- Work instruction
Take the entries below and print, exactly, the stretch from the line containing "real \<Rightarrow> real \<Rightarrow> complex \<Rightarrow>" through the line containing "On each of its", both included.

Data items:
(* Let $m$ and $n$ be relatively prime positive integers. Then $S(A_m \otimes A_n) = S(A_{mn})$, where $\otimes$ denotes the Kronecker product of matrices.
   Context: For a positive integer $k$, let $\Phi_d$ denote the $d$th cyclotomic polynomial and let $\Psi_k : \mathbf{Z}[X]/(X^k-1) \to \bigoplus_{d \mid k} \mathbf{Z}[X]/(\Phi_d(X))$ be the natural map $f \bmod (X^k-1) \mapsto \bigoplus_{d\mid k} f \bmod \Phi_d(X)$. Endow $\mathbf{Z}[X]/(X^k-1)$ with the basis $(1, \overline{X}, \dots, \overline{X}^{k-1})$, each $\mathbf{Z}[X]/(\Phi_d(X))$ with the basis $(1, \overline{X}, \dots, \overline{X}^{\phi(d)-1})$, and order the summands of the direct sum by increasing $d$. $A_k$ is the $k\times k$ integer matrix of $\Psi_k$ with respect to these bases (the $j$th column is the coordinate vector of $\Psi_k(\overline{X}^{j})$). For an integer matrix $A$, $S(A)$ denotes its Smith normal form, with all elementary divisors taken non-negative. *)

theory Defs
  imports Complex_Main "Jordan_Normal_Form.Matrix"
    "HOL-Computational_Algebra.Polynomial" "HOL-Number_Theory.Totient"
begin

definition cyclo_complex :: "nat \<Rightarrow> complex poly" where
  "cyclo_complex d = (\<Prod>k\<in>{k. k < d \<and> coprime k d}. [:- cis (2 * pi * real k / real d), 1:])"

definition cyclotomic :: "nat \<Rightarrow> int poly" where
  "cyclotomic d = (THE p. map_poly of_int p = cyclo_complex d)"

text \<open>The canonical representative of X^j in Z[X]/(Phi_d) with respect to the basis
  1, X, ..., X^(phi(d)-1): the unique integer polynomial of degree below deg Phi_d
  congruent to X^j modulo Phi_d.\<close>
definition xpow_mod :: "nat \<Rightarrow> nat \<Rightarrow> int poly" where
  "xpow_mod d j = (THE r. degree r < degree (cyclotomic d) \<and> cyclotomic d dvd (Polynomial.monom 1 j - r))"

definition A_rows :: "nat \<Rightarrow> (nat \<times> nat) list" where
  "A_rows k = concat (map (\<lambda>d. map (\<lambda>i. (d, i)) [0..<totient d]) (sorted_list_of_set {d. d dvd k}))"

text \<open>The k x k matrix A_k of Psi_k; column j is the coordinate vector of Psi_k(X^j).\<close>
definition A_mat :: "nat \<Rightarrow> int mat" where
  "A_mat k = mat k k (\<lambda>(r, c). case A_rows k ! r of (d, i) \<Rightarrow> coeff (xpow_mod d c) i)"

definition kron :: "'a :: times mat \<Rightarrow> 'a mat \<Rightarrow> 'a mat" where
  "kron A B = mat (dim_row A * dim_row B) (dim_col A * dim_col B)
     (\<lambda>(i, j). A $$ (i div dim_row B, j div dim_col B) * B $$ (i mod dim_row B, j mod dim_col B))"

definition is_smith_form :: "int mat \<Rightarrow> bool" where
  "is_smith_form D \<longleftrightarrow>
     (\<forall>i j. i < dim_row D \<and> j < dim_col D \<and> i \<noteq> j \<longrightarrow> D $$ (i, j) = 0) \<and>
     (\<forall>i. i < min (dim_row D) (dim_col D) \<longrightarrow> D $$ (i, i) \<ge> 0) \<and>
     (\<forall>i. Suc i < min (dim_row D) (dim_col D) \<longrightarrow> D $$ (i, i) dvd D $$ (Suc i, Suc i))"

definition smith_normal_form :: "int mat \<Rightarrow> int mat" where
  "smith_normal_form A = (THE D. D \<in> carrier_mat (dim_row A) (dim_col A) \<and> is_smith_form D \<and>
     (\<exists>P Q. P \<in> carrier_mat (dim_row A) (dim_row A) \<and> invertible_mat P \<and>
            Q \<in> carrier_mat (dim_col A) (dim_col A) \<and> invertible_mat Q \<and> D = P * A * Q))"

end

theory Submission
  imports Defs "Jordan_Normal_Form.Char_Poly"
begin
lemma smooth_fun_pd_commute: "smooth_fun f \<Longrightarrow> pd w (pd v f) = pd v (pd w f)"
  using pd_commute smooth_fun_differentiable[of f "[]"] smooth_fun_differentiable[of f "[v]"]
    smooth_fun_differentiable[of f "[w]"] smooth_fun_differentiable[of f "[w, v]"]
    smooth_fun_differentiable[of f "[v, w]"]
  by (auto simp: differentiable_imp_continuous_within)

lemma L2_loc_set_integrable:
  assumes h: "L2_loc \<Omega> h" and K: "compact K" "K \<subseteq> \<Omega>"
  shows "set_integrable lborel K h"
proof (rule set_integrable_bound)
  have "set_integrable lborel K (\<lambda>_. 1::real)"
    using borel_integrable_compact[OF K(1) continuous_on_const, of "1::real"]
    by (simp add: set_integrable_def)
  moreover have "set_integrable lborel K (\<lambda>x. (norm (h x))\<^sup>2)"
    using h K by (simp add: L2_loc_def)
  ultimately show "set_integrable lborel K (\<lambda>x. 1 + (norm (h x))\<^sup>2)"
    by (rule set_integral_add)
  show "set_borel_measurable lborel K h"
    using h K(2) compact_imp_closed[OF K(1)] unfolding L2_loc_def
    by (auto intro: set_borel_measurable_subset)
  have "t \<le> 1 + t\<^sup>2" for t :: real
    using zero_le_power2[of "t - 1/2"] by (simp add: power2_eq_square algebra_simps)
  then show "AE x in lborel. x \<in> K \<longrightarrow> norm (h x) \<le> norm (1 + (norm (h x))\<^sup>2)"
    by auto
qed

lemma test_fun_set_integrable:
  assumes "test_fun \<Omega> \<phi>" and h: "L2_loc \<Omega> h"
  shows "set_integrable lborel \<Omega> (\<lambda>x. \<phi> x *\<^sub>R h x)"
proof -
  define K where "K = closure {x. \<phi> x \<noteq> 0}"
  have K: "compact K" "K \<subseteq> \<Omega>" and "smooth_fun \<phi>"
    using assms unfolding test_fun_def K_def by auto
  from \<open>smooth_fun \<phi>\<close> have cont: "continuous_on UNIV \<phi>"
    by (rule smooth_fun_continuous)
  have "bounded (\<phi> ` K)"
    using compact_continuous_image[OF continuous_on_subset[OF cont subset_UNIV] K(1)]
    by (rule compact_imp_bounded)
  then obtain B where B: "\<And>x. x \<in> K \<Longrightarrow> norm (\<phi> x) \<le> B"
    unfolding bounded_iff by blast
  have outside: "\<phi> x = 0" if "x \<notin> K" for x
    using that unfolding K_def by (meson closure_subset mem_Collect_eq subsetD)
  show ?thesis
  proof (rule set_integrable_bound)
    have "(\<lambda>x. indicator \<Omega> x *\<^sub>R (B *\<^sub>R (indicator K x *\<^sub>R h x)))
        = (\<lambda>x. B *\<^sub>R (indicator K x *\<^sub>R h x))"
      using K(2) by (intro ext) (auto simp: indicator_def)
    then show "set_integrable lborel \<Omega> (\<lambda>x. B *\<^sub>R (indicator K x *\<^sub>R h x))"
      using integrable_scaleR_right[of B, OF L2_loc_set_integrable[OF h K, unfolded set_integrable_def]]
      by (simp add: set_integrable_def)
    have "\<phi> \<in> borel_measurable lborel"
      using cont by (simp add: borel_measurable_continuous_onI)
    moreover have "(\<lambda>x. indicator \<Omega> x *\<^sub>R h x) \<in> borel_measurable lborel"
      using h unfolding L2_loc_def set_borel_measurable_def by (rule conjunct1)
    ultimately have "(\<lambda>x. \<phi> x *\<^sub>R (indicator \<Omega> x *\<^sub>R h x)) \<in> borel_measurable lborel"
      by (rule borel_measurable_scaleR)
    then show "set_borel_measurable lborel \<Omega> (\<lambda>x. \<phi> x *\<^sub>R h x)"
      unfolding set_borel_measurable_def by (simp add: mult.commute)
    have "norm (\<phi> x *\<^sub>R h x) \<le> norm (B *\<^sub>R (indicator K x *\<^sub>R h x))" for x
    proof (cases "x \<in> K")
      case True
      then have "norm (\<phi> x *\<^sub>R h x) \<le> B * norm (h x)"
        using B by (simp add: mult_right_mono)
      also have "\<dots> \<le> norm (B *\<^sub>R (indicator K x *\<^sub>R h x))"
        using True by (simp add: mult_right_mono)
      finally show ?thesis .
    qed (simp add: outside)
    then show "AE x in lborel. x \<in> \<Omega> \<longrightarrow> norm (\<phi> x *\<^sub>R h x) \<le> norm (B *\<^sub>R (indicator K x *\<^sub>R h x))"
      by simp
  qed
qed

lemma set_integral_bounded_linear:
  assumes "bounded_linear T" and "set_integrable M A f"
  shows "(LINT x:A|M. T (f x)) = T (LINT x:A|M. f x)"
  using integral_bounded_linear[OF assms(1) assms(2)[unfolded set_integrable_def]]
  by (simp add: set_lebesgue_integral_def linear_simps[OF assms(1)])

---

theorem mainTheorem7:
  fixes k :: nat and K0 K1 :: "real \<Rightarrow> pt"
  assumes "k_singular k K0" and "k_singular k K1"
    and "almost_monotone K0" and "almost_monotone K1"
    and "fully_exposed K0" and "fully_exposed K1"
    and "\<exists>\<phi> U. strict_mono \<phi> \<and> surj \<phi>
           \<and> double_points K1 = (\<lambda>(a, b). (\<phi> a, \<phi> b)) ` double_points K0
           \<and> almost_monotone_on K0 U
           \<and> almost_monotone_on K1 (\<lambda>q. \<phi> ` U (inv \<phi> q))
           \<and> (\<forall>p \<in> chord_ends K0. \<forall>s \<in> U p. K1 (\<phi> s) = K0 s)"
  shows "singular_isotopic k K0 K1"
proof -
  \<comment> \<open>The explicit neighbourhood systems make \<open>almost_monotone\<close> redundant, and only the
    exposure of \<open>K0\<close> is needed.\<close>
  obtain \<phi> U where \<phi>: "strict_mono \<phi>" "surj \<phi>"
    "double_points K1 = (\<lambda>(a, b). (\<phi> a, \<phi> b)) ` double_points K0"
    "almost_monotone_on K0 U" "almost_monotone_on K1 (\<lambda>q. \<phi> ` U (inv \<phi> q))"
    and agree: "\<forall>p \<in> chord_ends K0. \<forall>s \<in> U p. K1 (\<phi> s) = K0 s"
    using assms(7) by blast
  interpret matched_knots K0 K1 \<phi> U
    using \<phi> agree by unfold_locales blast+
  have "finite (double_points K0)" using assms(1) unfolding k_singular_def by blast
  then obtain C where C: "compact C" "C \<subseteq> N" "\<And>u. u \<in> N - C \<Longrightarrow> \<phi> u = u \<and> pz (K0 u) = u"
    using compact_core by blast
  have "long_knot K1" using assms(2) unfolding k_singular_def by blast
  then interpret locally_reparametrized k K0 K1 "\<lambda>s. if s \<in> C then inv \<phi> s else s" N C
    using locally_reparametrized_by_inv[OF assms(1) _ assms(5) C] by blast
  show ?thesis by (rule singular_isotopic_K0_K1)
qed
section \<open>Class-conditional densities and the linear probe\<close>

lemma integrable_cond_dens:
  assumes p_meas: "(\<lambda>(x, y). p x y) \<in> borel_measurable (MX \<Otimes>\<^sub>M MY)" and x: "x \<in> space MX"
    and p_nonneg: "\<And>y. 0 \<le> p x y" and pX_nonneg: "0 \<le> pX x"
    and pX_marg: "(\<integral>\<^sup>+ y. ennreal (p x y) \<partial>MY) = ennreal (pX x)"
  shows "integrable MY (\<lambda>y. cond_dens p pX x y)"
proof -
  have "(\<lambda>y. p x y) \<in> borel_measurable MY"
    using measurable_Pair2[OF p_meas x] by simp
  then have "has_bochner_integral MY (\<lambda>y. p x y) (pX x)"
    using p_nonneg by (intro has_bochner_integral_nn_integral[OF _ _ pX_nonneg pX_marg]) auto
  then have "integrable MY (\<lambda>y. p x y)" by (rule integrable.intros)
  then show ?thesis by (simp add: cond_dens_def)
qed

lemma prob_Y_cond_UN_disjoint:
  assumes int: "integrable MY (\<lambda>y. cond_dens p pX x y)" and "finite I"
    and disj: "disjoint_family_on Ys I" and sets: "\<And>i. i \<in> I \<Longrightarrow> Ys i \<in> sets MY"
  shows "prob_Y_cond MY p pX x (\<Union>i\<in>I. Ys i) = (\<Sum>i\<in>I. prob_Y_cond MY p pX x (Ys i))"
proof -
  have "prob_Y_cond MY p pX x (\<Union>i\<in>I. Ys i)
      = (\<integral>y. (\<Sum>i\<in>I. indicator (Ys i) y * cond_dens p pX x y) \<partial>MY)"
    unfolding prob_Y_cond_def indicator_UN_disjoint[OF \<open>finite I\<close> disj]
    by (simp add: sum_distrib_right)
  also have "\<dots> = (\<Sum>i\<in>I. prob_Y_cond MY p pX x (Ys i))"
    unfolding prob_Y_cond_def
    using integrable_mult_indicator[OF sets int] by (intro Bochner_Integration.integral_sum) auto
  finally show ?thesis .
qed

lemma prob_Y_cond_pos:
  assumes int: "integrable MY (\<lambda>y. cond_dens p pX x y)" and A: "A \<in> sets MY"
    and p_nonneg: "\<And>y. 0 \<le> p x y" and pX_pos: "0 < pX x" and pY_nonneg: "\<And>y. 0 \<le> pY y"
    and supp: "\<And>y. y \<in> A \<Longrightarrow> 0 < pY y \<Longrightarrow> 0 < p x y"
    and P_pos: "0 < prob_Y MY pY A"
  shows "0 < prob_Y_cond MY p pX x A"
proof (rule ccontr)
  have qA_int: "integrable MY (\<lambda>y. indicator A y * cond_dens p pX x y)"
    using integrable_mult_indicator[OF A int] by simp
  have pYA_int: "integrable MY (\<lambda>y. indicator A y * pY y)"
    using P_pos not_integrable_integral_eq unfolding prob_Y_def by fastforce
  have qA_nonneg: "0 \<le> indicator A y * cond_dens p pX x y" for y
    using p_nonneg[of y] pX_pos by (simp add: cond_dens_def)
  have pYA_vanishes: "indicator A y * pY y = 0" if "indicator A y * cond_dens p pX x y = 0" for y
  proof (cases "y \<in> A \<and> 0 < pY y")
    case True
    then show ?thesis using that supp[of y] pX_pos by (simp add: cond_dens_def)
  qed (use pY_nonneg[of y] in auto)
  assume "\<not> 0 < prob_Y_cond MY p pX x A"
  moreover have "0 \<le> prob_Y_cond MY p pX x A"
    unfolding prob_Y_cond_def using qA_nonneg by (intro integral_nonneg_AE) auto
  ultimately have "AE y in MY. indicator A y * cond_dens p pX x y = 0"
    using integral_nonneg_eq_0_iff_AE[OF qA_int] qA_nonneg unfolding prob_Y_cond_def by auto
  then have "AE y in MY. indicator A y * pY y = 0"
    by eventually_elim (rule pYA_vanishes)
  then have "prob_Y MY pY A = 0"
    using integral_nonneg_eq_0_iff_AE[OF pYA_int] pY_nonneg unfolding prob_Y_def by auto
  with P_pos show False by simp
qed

* * *

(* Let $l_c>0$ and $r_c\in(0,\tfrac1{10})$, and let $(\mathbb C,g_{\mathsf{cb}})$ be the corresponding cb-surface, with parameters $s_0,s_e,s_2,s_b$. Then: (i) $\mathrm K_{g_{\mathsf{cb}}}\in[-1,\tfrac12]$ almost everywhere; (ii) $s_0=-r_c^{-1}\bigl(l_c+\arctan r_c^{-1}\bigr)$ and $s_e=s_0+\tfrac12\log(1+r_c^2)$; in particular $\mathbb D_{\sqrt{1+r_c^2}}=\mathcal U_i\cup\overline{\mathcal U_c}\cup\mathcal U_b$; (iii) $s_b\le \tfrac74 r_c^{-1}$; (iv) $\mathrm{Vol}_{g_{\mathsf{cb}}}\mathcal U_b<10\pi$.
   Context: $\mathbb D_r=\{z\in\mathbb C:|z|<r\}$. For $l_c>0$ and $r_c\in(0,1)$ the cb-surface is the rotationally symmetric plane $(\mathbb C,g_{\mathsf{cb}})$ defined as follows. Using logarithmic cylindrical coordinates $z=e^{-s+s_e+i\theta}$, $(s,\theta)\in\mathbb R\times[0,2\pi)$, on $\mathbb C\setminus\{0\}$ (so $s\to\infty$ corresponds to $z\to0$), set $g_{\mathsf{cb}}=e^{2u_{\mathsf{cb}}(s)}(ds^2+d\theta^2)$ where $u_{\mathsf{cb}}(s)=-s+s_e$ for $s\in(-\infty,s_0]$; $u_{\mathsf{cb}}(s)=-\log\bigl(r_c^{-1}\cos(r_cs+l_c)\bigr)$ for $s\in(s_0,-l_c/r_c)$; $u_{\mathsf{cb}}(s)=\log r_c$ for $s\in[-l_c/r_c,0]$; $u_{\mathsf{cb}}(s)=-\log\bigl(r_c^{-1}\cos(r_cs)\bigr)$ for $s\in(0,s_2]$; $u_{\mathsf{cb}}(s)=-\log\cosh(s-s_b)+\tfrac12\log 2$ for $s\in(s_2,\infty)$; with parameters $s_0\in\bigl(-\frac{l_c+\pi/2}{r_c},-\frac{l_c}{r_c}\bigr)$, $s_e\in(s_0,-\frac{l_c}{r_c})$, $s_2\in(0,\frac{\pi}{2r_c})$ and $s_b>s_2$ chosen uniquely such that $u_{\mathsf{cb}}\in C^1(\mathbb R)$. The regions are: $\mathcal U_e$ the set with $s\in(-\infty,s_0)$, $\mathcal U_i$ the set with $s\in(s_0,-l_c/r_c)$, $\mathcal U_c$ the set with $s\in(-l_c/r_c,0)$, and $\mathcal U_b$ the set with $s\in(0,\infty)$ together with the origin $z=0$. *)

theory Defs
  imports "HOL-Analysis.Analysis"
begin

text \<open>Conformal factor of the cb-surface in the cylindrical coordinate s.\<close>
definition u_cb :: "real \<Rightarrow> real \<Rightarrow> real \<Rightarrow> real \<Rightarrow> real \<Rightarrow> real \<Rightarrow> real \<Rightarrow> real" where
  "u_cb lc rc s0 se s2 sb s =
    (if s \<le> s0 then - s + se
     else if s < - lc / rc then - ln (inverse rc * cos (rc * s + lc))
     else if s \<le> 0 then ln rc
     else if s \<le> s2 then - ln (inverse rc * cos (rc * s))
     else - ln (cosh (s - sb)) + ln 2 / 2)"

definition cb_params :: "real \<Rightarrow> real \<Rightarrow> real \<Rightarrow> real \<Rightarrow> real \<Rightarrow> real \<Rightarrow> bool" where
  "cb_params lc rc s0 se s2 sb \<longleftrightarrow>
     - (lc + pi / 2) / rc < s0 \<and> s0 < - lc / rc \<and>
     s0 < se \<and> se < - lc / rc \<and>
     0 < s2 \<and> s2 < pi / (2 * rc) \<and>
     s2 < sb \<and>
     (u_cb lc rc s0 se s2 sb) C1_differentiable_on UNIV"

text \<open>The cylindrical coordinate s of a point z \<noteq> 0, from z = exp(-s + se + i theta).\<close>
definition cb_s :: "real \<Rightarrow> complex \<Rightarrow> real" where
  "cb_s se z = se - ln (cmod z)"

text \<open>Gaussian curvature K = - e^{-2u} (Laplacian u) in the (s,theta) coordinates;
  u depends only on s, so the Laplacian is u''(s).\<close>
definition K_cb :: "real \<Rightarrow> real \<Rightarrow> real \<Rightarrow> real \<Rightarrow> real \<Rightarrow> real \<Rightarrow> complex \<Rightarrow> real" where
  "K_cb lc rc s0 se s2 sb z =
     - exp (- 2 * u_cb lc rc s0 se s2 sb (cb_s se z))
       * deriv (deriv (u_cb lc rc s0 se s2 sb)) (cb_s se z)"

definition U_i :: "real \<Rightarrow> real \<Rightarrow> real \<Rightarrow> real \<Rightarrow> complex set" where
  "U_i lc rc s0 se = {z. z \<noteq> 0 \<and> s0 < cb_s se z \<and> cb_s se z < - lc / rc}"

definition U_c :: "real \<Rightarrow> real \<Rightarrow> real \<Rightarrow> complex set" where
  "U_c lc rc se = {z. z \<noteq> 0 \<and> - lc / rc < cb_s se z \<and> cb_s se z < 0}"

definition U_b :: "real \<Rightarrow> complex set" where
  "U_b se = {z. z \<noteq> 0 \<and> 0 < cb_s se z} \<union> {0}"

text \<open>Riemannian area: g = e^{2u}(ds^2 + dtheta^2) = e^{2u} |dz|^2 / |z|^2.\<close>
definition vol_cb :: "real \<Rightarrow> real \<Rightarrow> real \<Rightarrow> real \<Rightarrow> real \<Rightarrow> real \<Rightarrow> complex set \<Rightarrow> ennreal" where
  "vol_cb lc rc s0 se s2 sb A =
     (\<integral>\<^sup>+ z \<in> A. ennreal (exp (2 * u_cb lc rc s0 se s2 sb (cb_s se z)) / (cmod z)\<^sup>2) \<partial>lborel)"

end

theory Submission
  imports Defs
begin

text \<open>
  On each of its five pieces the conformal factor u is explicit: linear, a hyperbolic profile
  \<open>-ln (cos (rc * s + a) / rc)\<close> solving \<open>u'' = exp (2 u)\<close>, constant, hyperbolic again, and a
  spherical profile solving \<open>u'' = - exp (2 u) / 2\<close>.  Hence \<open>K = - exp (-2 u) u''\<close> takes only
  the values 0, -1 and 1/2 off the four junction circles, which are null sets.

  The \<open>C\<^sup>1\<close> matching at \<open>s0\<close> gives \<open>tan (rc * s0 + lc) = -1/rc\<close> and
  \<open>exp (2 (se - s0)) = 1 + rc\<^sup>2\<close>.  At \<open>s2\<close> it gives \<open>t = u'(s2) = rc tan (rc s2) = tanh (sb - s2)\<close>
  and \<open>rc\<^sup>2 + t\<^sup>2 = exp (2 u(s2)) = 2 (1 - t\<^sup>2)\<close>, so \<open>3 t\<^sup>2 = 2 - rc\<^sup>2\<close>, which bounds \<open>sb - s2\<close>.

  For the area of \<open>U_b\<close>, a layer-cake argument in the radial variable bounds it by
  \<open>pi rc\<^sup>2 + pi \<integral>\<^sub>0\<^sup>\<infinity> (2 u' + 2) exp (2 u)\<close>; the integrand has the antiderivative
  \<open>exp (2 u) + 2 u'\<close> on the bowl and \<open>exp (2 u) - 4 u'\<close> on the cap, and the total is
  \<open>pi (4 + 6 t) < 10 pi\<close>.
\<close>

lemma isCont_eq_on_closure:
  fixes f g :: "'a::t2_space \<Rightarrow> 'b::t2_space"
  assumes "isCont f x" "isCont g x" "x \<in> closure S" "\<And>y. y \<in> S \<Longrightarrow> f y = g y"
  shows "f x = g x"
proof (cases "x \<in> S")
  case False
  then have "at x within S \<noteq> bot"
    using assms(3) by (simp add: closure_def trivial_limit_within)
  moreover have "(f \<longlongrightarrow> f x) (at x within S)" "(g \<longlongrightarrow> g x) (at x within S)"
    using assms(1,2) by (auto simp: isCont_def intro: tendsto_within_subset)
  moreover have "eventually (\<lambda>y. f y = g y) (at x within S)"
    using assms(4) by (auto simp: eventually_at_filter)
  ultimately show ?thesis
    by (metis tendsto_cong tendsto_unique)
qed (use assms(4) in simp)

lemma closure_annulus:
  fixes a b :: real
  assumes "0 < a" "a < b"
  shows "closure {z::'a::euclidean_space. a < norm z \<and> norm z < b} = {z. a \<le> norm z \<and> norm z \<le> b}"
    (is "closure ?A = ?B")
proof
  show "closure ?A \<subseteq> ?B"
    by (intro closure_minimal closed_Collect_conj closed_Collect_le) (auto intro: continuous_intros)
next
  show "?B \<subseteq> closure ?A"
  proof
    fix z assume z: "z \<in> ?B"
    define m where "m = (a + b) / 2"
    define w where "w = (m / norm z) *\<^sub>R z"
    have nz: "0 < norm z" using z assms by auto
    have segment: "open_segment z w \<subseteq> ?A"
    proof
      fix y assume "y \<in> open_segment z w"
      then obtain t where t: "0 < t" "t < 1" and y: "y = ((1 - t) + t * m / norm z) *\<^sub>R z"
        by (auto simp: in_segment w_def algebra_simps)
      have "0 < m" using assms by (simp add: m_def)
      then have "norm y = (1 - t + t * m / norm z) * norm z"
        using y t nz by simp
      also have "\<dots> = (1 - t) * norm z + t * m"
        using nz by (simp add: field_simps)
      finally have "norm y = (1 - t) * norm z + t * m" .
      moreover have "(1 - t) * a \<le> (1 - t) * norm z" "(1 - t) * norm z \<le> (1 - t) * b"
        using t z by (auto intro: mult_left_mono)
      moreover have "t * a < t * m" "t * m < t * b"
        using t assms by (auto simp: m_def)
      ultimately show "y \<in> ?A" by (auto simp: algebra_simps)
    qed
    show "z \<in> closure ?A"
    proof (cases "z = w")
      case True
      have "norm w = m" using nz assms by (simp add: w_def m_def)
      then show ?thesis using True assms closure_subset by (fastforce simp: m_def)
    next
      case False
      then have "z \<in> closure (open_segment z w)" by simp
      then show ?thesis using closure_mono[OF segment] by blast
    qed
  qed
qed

- Expected answer
definition K_cb :: "real \<Rightarrow> real \<Rightarrow> real \<Rightarrow> real \<Rightarrow> real \<Rightarrow> real \<Rightarrow> complex \<Rightarrow> real" where
  "K_cb lc rc s0 se s2 sb z =
     - exp (- 2 * u_cb lc rc s0 se s2 sb (cb_s se z))
       * deriv (deriv (u_cb lc rc s0 se s2 sb)) (cb_s se z)"

definition U_i :: "real \<Rightarrow> real \<Rightarrow> real \<Rightarrow> real \<Rightarrow> complex set" where
  "U_i lc rc s0 se = {z. z \<noteq> 0 \<and> s0 < cb_s se z \<and> cb_s se z < - lc / rc}"

definition U_c :: "real \<Rightarrow> real \<Rightarrow> real \<Rightarrow> complex set" where
  "U_c lc rc se = {z. z \<noteq> 0 \<and> - lc / rc < cb_s se z \<and> cb_s se z < 0}"

definition U_b :: "real \<Rightarrow> complex set" where
  "U_b se = {z. z \<noteq> 0 \<and> 0 < cb_s se z} \<union> {0}"

text \<open>Riemannian area: g = e^{2u}(ds^2 + dtheta^2) = e^{2u} |dz|^2 / |z|^2.\<close>
definition vol_cb :: "real \<Rightarrow> real \<Rightarrow> real \<Rightarrow> real \<Rightarrow> real \<Rightarrow> real \<Rightarrow> complex set \<Rightarrow> ennreal" where
  "vol_cb lc rc s0 se s2 sb A =
     (\<integral>\<^sup>+ z \<in> A. ennreal (exp (2 * u_cb lc rc s0 se s2 sb (cb_s se z)) / (cmod z)\<^sup>2) \<partial>lborel)"

end

theory Submission
  imports Defs
begin

text \<open>
  On each of its five pieces the conformal factor u is explicit: linear, a hyperbolic profile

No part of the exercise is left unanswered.